Dire que l’œuvre du paternel est un fardeau extrêmement lourd à porter pour le pauvre Gorō serait un euphémisme et on espère que cet échec aidera le réalisateur de 54 ans (80 ans pour Hayao) à se transcender pour sa prochaine œuvre. À moins qu’il n’y voie plutôt une preuve qu’il n’est peut-être pas fait pour marcher sur les pas de ce géant qu’est son père.
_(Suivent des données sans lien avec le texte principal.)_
lemma \<rho>_in_span:
  assumes tr: "totally_real_field TYPE('a)" and j: "1 \<le> j" "j < n"
  shows "\<rho> j = 0"
proof (rule ccontr)
  assume "\<rho> j \<noteq> 0"
  note last = R_last_coord_if_\<rho>_not_in_span[OF j this]
  define d where "d = In_dot n \<rho> \<rho>"
  have "d \<noteq> 0"
    using totally_real_square_add_In_dot_eq_0(2)[OF tr, of 0 n \<rho>] j \<open>\<rho> j \<noteq> 0\<close> by (auto simp: d_def)
  define p where "p = In_proj n \<rho>"
  have p: "p \<in> In_vecs n" "p n = 0" using In_proj_in_In_vecs[OF \<rho>_in_In_vecs] by (auto simp: p_def)
  have Rp: "R p \<in> In_vecs n" using R_in_In_vecs[OF p(1)] .
  have "In_dot n p \<rho> = d" by (simp add: p_def d_def)
  moreover have "In_dot n \<rho> p = d" using \<open>In_dot n p \<rho> = d\<close> by (simp add: In_dot_commute)
  moreover have "R p n = - d" using last[OF p(1)] p(2) \<open>In_dot n p \<rho> = d\<close> by simp
  moreover have "In_dot n \<rho> (R p) = d * \<sigma>"
    using RB_perp_basis_last[OF p] \<open>In_dot n p \<rho> = d\<close> by (simp add: In_dot_commute)
  moreover have "R (R p) n = - (2 * (d * \<sigma>))"
    using last[OF Rp] RB_perp_basis_last[OF p] \<open>In_dot n p \<rho> = d\<close> \<open>R p n = - d\<close> by simp
  ultimately have "(2 * \<sigma> + lam) * d = 0"
    using RB_basis_perp[OF p] by (simp add: algebra_simps)
  then have lam: "lam = - 2 * \<sigma>"
    using \<open>d \<noteq> 0\<close> by (simp add: eq_neg_iff_add_eq_0 add.commute)
  have "2 * (\<sigma> * \<sigma> + d) = 0"
    using RB_basis_basis last[OF \<rho>_in_In_vecs] lam by (simp add: d_def algebra_simps)
  then have "\<sigma> * \<sigma> + In_dot n \<rho> \<rho> = 0"
    using totally_real_two_neq_zero[OF tr] unfolding d_def by (metis mult_eq_0_iff)
  then show False
    using totally_real_square_add_In_dot_eq_0(2)[OF tr] j \<open>\<rho> j \<noteq> 0\<close> by blast
qed

lemma \<rho>_eq_scaled_basis:
  assumes tr: "totally_real_field TYPE('a)"
  shows "\<rho> = (\<lambda>k. \<sigma> * e k)"
  using \<rho>_in_span[OF tr] \<rho>_in_In_vecs e_in_In_vecs
  by (intro In_vecs_eqI) (auto simp: In_vecs_def)

lemma \<sigma>_mult_\<sigma>_add_lam_eq_0:
  assumes tr: "totally_real_field TYPE('a)"
  shows "\<sigma> * (\<sigma> + lam) = 0"
proof -
  have "R \<rho> = (\<lambda>k. \<sigma> * \<rho> k)"
    using In_linear_op_scale[OF linear e_in_In_vecs] \<rho>_eq_scaled_basis[OF tr] by metis
  moreover have "In_dot n \<rho> \<rho> = 0"
    by (subst \<rho>_eq_scaled_basis[OF tr]) (simp add: In_dot_def)
  ultimately have "2 * (\<sigma> * (\<sigma> + lam)) = 0"
    using RB_basis_basis by (simp add: algebra_simps)
  then show ?thesis using totally_real_two_neq_zero[OF tr] by simp
qed

lemma R_eq_scalar:
  assumes tr: "totally_real_field TYPE('a)" and x: "x \<in> In_vecs n"
  shows "R x = (\<lambda>k. \<sigma> * x k)"
proof -
  have perp: "R u = (\<lambda>k. \<sigma> * u k)" if u: "u \<in> In_vecs n" "u n = 0" for u
  proof -
    \<comment> \<open>since \<sigma> * \<sigma> = - lam * \<sigma>, the identity for (u, u) says that R u - \<sigma> u is isotropic\<close>
    have "R u n * R u n + In_dot n (\<lambda>k. R u k - \<sigma> * u k) (\<lambda>k. R u k - \<sigma> * u k)
        = \<sigma> * (\<sigma> + lam) * In_dot n u u"
      unfolding In_dot_diff_scaled_self using RB_perp_perp[OF u] by (simp add: algebra_simps)
    then have "R u n * R u n + In_dot n (\<lambda>k. R u k - \<sigma> * u k) (\<lambda>k. R u k - \<sigma> * u k) = 0"
      using \<sigma>_mult_\<sigma>_add_lam_eq_0[OF tr] by simp
    from totally_real_square_add_In_dot_eq_0[OF tr this] show ?thesis
      using u R_in_In_vecs[OF u(1)] by (intro In_vecs_eqI) (auto simp: In_vecs_def)
  qed
  define s where "s = \<sigma>"
  have "\<rho> = (\<lambda>k. s * e k)" unfolding s_def by (rule \<rho>_eq_scaled_basis[OF tr])
  then show ?thesis
    using In_linear_op_decompose[OF linear n_pos x] perp[OF In_proj_in_In_vecs[OF x] In_proj_last]
    unfolding s_def[symmetric] by (simp add: In_proj_def algebra_simps)
qed

theorem trivial:
  assumes "totally_real_field TYPE('a)"
  shows "In_trivial_op n lam R"
proof -
  have "\<sigma> = 0 \<or> \<sigma> = - lam" using \<sigma>_mult_\<sigma>_add_lam_eq_0[OF assms] by (simp add: eq_neg_iff_add_eq_0)
  then show ?thesis
    using R_eq_scalar[OF assms] unfolding In_trivial_op_def In_zero_op_def by auto
qed

end

definition In_rank_one_op :: "nat \<Rightarrow> 'a::field \<Rightarrow> 'a \<Rightarrow> (nat \<Rightarrow> 'a) \<Rightarrow> nat \<Rightarrow> 'a" where
  "In_rank_one_op n lam i x = (\<lambda>k. x 1 * (lam * (i * In_basis n k - In_basis 1 k)))"

definition In_isotropic_op :: "'a::field \<Rightarrow> (nat \<Rightarrow> 'a) \<Rightarrow> nat \<Rightarrow> 'a" where
  "In_isotropic_op i x = (\<lambda>k. (x 1 + i * x 2) * (In_basis 1 k + i * In_basis 2 k))"

lemma In_RB_In_rank_one_op:
  fixes lam i :: "'a::field"
  assumes n: "2 \<le> n" and i: "i * i = -1"
  shows "In_RB n lam (In_rank_one_op n lam i)"
proof -
  have ii: "i * (i * z) = - z" for z using i by (metis mult.assoc mult_minus_left mult_1)
  define R where "R = In_rank_one_op n lam i"
  have n1: "n \<noteq> 1" "1 \<le> n" using n by auto
  have R_in: "R x \<in> In_vecs n" for x using n by (auto simp: R_def In_rank_one_op_def In_vecs_def)
  have linear: "In_linear_op n R"
    unfolding In_linear_op_def using R_in by (auto simp: R_def In_rank_one_op_def fun_eq_iff algebra_simps)
  have dot: "In_dot n (R x) (R y) = x 1 * y 1 * (lam * lam)" for x y
    using n by (subst In_dot_supported[of "{1}"]) (auto simp: R_def In_rank_one_op_def)
  have "In_mult n (R x) (R y) = R (\<lambda>k. In_mult n (R x) y k + In_mult n x (R y) k + lam * In_mult n x y k)"
    if x: "x \<in> In_vecs n" and y: "y \<in> In_vecs n" for x y
  proof -
    have "In_mult n (R x) (R y) = (\<lambda>k. x 1 * y 1 * (i * lam) * (lam * (i * In_basis n k - In_basis 1 k)))"
      using R_in dot n1 by (simp add: In_mult_eq fun_eq_iff)
        (simp add: R_def In_rank_one_op_def algebra_simps ii)
    also have "\<dots> = R (\<lambda>k. In_mult n (R x) y k + In_mult n x (R y) k + lam * In_mult n x y k)"
      using R_in x y n1 by (simp add: In_mult_eq fun_eq_iff)
        (simp add: R_def In_rank_one_op_def algebra_simps ii)
    finally show ?thesis .
  qed
  with linear show ?thesis unfolding In_RB_def R_def by blast
qed

lemma In_rank_one_op_nontrivial:
  fixes lam :: "'a::field"
  assumes n: "2 \<le> n" and lam: "lam \<noteq> 0"
  shows "\<not> In_trivial_op n lam (In_rank_one_op n lam i)"
proof -
  have basis: "In_basis 1 \<in> In_vecs n" "In_basis n \<in> In_vecs n"
    using n by (auto intro: In_basis_in_In_vecs)
  have "In_rank_one_op n lam i (In_basis 1) 1 \<noteq> 0"
    using n lam by (simp add: In_rank_one_op_def)
  then have "\<not> In_zero_op n (In_rank_one_op n lam i)"
    using basis(1) unfolding In_zero_op_def by metis
  moreover have "In_rank_one_op n lam i (In_basis n) n \<noteq> - lam * In_basis n n"
    using n lam by (simp add: In_rank_one_op_def)
  then have "\<not> (\<forall>x\<in>In_vecs n. In_rank_one_op n lam i x = (\<lambda>k. - lam * x k))"
    using basis(2) by metis
  ultimately show ?thesis unfolding In_trivial_op_def by blast
qed

lemma In_RB_In_isotropic_op:
  fixes i :: "'a::field"
  assumes n: "3 \<le> n" and i: "i * i = -1"
  shows "In_RB n 0 (In_isotropic_op i)"
proof -
  have ii: "i * (i * z) = - z" for z using i by (metis mult.assoc mult_minus_left mult_1)
  define R where "R = In_isotropic_op i"
  have n1: "n \<noteq> 1" "n \<noteq> 2" "1 \<le> n" using n by auto
  have R_in: "R x \<in> In_vecs n" for x using n by (auto simp: R_def In_isotropic_op_def In_vecs_def)
  have R_last: "R x n = 0" for x using n1 by (simp add: R_def In_isotropic_op_def)
  have linear: "In_linear_op n R"
    unfolding In_linear_op_def using R_in by (auto simp: R_def In_isotropic_op_def fun_eq_iff algebra_simps)
  have dot: "In_dot n (R x) (R y) = 0" for x y
    using n by (subst In_dot_supported[of "{1, 2}"]) (auto simp: R_def In_isotropic_op_def algebra_simps ii)
  have "In_mult n (R x) (R y) = R (\<lambda>k. In_mult n (R x) y k + In_mult n x (R y) k + 0 * In_mult n x y k)"
    if x: "x \<in> In_vecs n" and y: "y \<in> In_vecs n" for x y
    using R_in x y n1 R_last dot
    by (simp add: In_mult_eq fun_eq_iff) (simp add: R_def In_isotropic_op_def algebra_simps ii)
  with linear show ?thesis unfolding In_RB_def R_def by blast
qed

lemma In_isotropic_op_nonzero:
  assumes "1 \<le> n"
  shows "\<not> In_zero_op n (In_isotropic_op i)"
proof -
  have "In_isotropic_op i (In_basis 1) 1 \<noteq> 0" by (simp add: In_isotropic_op_def)
  moreover have "In_basis 1 \<in> In_vecs n" using In_basis_in_In_vecs[OF order_refl assms] .
  ultimately show ?thesis unfolding In_zero_op_def by metis
qed

theorem corollary2:
  assumes char_ne_2: "(2::'a::field) \<noteq> 0"
  shows "(totally_real_field TYPE('a) \<longrightarrow>
            (\<forall>n\<ge>1. \<forall>lam::'a. \<forall>R. In_RB n lam R \<longrightarrow> In_trivial_op n lam R)) \<and>
         (quadratically_closed TYPE('a) \<longrightarrow>
            (\<forall>n\<ge>2. \<forall>lam::'a. lam \<noteq> 0 \<longrightarrow> (\<exists>R. In_RB n lam R \<and> \<not> In_trivial_op n lam R)) \<and>
            (\<forall>n\<ge>3. \<exists>R. In_RB n (0::'a) R \<and> \<not> In_zero_op n R))"
proof (intro conjI impI allI)
  fix n :: nat and lam :: 'a and R
  assume "totally_real_field TYPE('a)" "1 \<le> n" "In_RB n lam R"
  then show "In_trivial_op n lam R" by (simp add: In_RB_operator.trivial In_RB_operator_def)
next
  fix n :: nat and lam :: 'a
  assume qc: "quadratically_closed TYPE('a)" and n: "2 \<le> n" and lam: "lam \<noteq> 0"
  obtain i :: 'a where i: "i * i = -1" using quadratically_closed_sqrt_minus_one[OF qc] .
  show "\<exists>R. In_RB n lam R \<and> \<not> In_trivial_op n lam R"
    using In_RB_In_rank_one_op[OF n i] In_rank_one_op_nontrivial[OF n lam] by blast
next
  fix n :: nat
  assume qc: "quadratically_closed TYPE('a)" and n: "3 \<le> n"
  obtain i :: 'a where i: "i * i = -1" using quadratically_closed_sqrt_minus_one[OF qc] .
  show "\<exists>R. In_RB n (0::'a) R \<and> \<not> In_zero_op n R"
    using In_RB_In_isotropic_op[OF n i] In_isotropic_op_nonzero[of n i] n by fastforce
qed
D’une manière plus philosophique, la génération bercée par les œuvres douces et profondes d’Hayao Miyazaki voit également approcher la fin d’un cycle. En dépit des dénonciations et des luttes, le monde s’est artificialisé en quelques décennies, la nature agonise et tout semble parfois désenchanté. Aya et la sorcière est un peu à l’image de ce monde désenchanté qui tente de continuer à briller à l’aide d’artifices commerciaux qui ne séduisent en réalité personnes.

Plus que jamais, dans la vie réelle comme dans le monde du cinéma, nous attendons un grand rebond d’inspiration, une nouvelle renaissance caractérisée par la douceur, la simplicité et surtout l’honnêteté qui faisaient l’esprit des films du Studio Ghibli.

Aya et la sorcière est disponible depuis le 18 novembre en France sur Netflix.

Stéphane Hubert


Pour un média libre et indépendant sur le Japon, soutenez Poulpy 🐙 sur Tipeee !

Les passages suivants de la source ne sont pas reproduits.